In der Natur kommen alle Übergangsformen von den Kalzium-Chlorid-Wässern zu den Natrium-Chlorid-Wässern einerseits und den Kalzium-Sulfat-Wässern sowie den Kalzium-Hydrogenkarbonat-Wässern andererseits vor. Generell wird durch alkalireiche Heilwässer der Säuregrad des Magensaftes direkt beeinflusst, wodurch bei entsprechender Dosierung die aggressiven Säureeinwirkungen auf die Magenwand gemindert bzw. kompensiert werden können.

Die Zufuhr von schwer resorbierbaren Wasserinhaltsstoffen wie Sulfat führt über eine osmotische Wasserbindung zu einer Verflüssigung des Darminhaltes mit Beschleunigung der Darmpassage und erhöhter Spülwirkung; gleichzeitig werden dabei die Aufnahmebedingungen für die im Darm enthaltenen Substanzen verschlechtert. Sulfathaltige Wässer werden auch zur unterstützenden Behandlung der Fettsucht und von Harnwegsinfektionen (hier insbesondere Kalziumsulfat-Wässer) angewandt.

In Wässern mit niedrigen Sauerstoffgehalten (<50%) treten oft Eisen-Gehalte über 0,1 mg/l auf, was -- wie beim "Gesundbrunnen" -- auf reduzierendes Milieu hindeutet. Das im sauerstoffarmen Grundwasser enthaltene zweiwertige Eisen ist besonders empfindlich gegen Luftzutritt, wobei es in dreiwertige Eisenverbindungen umgewandelt wird und aufgrund deren geringer Löslichkeit flockig ausfällt.
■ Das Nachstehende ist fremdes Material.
lemma stiff_equilibrium_quadratic_growth:
  assumes eq: "stiff_equilibrium ks knp lbar i j k q"
  obtains \<delta> \<gamma> where "\<delta> > 0" "\<gamma> > 0"
    "\<And>y e. y \<in> ball (proj q) \<delta> \<Longrightarrow> ell (lift_section y) e \<noteq> 0"
    "\<And>y. y \<in> ball (proj q) \<delta> \<Longrightarrow>
      \<gamma> * norm (y - proj q) ^ 2 \<le> Uhat ks knp lbar y - Uhat ks knp lbar (proj q)"
proof -
  obtain m0 M c0 where m0: "0 < m0" "\<And>e. m0 \<le> ell q e" and c0: "0 < c0"
    and M: "\<And>e. \<bar>ks * (ell q e - lbar e)\<bar> \<le> M"
    and strain: "\<And>h. c0 * norm h ^ 2 \<le> linear_strain q i j (lift_section h)"
    and stiff: "192 * M \<le> min ks knp * c0 * m0"
    using eq unfolding stiff_equilibrium_def by blast
  have dis: "distinct [i, j, k]" and ks: "ks > 0" and knp: "knp > 0" and crit: "\<And>w. dU ks knp lbar q w = 0"
    and zi: "snd q $ i \<le> - 1 / (2 * knp)" and zj: "snd q $ j \<le> - 1 / (2 * knp)"
    and lift: "lift_section (proj q) = q"
    using eq lift_section_proj by (auto simp: stiff_equilibrium_def)
  have M0: "M \<ge> 0" using M[of 1] by linarith
  define \<kappa> where "\<kappa> = min ks knp"
  have \<kappa>: "\<kappa> > 0" using ks knp by (simp add: \<kappa>_def)
  define \<delta> where "\<delta> = min (min (m0 / 4) (1 / (4 * knp))) (sqrt (\<kappa> * c0 * m0\<^sup>2 / (384 * ks)))"
  have \<delta>: "\<delta> > 0" "\<delta> \<le> m0 / 4" "\<delta> \<le> 1 / (4 * knp)" "\<delta> \<le> sqrt (\<kappa> * c0 * m0\<^sup>2 / (384 * ks))"
    using m0 knp \<kappa> c0 ks by (auto simp: \<delta>_def)
  have near_ell: "ell (lift_section y) e \<ge> m0 / 2"
    and near_growth: "\<kappa> * c0 / 8 * norm (y - proj q) ^ 2 \<le> Uhat ks knp lbar y - Uhat ks knp lbar (proj q)"
    if y: "y \<in> ball (proj q) \<delta>" for y e
  proof -
    define h where "h = y - proj q"
    define w where "w = lift_section h"
    have nh: "norm h < \<delta>" using y by (simp add: h_def dist_norm norm_minus_commute)
    have ly: "lift_section y = q + w" using lift_section_add[of "proj q" h] lift by (simp add: h_def w_def)
    have small: "2 * norm (edge_vec w e) \<le> ell q e" for e
      using norm_edge_vec_lift_section_le[of h e] nh \<delta>(2) m0(2)[of e] unfolding w_def by linarith
    have "norm (edge_vec q e) - norm (edge_vec w e) \<le> norm (edge_vec q e + edge_vec w e)"
      by (metis norm_diff_ineq norm_minus_cancel diff_minus_eq_add)
    then show "ell (lift_section y) e \<ge> m0 / 2"
      using small[of e] m0(2)[of e] by (simp add: ly ell_eq_norm_edge_vec edge_vec_add)
    have ell0: "ell q e > 0" for e using m0(1) m0(2)[of e] by linarith
    have C: "snd q $ v < 0 \<and> snd q $ v + snd w $ v < 0" if "v \<in> {i, j}" for v
    proof -
      have "\<bar>snd w $ v\<bar> < 1 / (4 * knp)"
        using abs_snd_component_le[of h v] nh \<delta>(3) by (simp add: w_def snd_lift_section)
      moreover have "- 1 / (2 * knp) + 1 / (4 * knp) < 0" using knp by (simp add: field_simps)
      ultimately show ?thesis using that zi zj by auto
    qed
    have B: "0 \<le> norm (edge_vec w e) ^ 2 / ell q e \<and> norm (edge_vec w e) ^ 2 / ell q e \<le> 4 * (norm h)\<^sup>2 / m0" for e
    proof -
      have "norm (edge_vec w e) ^ 2 \<le> 4 * (norm h)\<^sup>2"
        using power_mono[OF norm_edge_vec_lift_section_le[of h e], of 2] by (simp add: w_def power_mult_distrib)
      then show ?thesis
        using ell0[of e] m0 by (auto intro!: frac_le)
    qed
    have "(norm h)\<^sup>2 \<le> \<delta>\<^sup>2" using nh by (intro power_mono) auto
    also have "\<dots> \<le> (sqrt (\<kappa> * c0 * m0\<^sup>2 / (384 * ks)))\<^sup>2" using \<delta>(1,4) by (intro power_mono) auto
    also have "\<dots> = \<kappa> * c0 * m0\<^sup>2 / (384 * ks)" using \<kappa> c0 ks by simp
    finally have "384 * ks * (norm h)\<^sup>2 \<le> \<kappa> * c0 * m0\<^sup>2" using ks by (simp add: le_divide_eq mult.commute)
    define u where "u e = (edge_vec q e \<bullet> edge_vec w e) / ell q e" for e
    have "(\<Sum>v\<in>{i, j}. (snd w $ v)\<^sup>2) = (snd w $ i)\<^sup>2 + (snd w $ j)\<^sup>2" using dis by simp
    then have increment: "U ks knp lbar (q + w) - U ks knp lbar q \<ge>
      (\<Sum>e\<in>UNIV. - \<bar>ks * (ell q e - lbar e)\<bar> * (norm (edge_vec w e) ^ 2 / ell q e)
         - ks / 2 * (norm (edge_vec w e) ^ 2 / ell q e)\<^sup>2 + ks / 4 * (u e)\<^sup>2)
      + knp / 2 * ((snd w $ i)\<^sup>2 + (snd w $ j)\<^sup>2)"
      using U_increment_ge[of ks knp lbar q "{i, j}" w, OF crit ell0 _ _ C small] ks knp
      by (simp add: u_def)
    have "c0 * (norm h)\<^sup>2 \<le> (\<Sum>e\<in>UNIV. (u e)\<^sup>2) + (snd w $ i)\<^sup>2 + (snd w $ j)\<^sup>2"
      using strain[of h] by (simp add: linear_strain_def u_def w_def)
    from strain_energy_lower_bound[where s = "\<lambda>e. ks * (ell q e - lbar e)"
        and B = "\<lambda>e. norm (edge_vec w e) ^ 2 / ell q e", OF ks knp m0(1) M0 M B this stiff]
      \<open>384 * ks * (norm h)\<^sup>2 \<le> \<kappa> * c0 * m0\<^sup>2\<close> increment
    show "\<kappa> * c0 / 8 * norm (y - proj q) ^ 2 \<le> Uhat ks knp lbar y - Uhat ks knp lbar (proj q)"
      by (simp add: Uhat_def ly lift h_def \<kappa>_def)
  qed
  show ?thesis
  proof (rule that[OF \<delta>(1), of "\<kappa> * c0 / 8"])
    show "\<kappa> * c0 / 8 > 0" using \<kappa> c0 by simp
    show "ell (lift_section y) e \<noteq> 0" if "y \<in> ball (proj q) \<delta>" for y e
      using near_ell[OF that, of e] m0(1) by linarith
  qed (rule near_growth)
qed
Beim Menschen beträgt der tägliche Eisenbedarf eines Erwachsenen wegen der guten Rück-Resorption des mit der Galle ausgeschiedenen Eisens nur etwa 0,5 mg bis 2,0 mg. Bei Frauen können hingegen durch Menstruationsblutung (ca. 25 mg Fe) sowie durch Schwangerschaft und Geburt (ca. 500 mg Fe) beträchtlich höhere Eisenverluste auftreten (GUTENBRUNNER & HILDEBRANDT 1994). Oral zugeführtes Eisen kann nur in zweiwertiger Form resorbiert werden. Das resorbierte Eisen wird im Blut an ein spezifisches Transport-Globulin (Transferrin) gebunden und kann unmittelbar zur Blutbildung genutzt werden. Außer im Hämoglobin hat das Eisen wichtige Funktionen als Bestandteil zellulärer Biokatalysatoren. Darüber hinaus wirkt das dreiwertige Eisen im Verdauungstrakt stopfend, indem es Schwefelwasserstoff, welcher die Peristaltik anregt, bindet.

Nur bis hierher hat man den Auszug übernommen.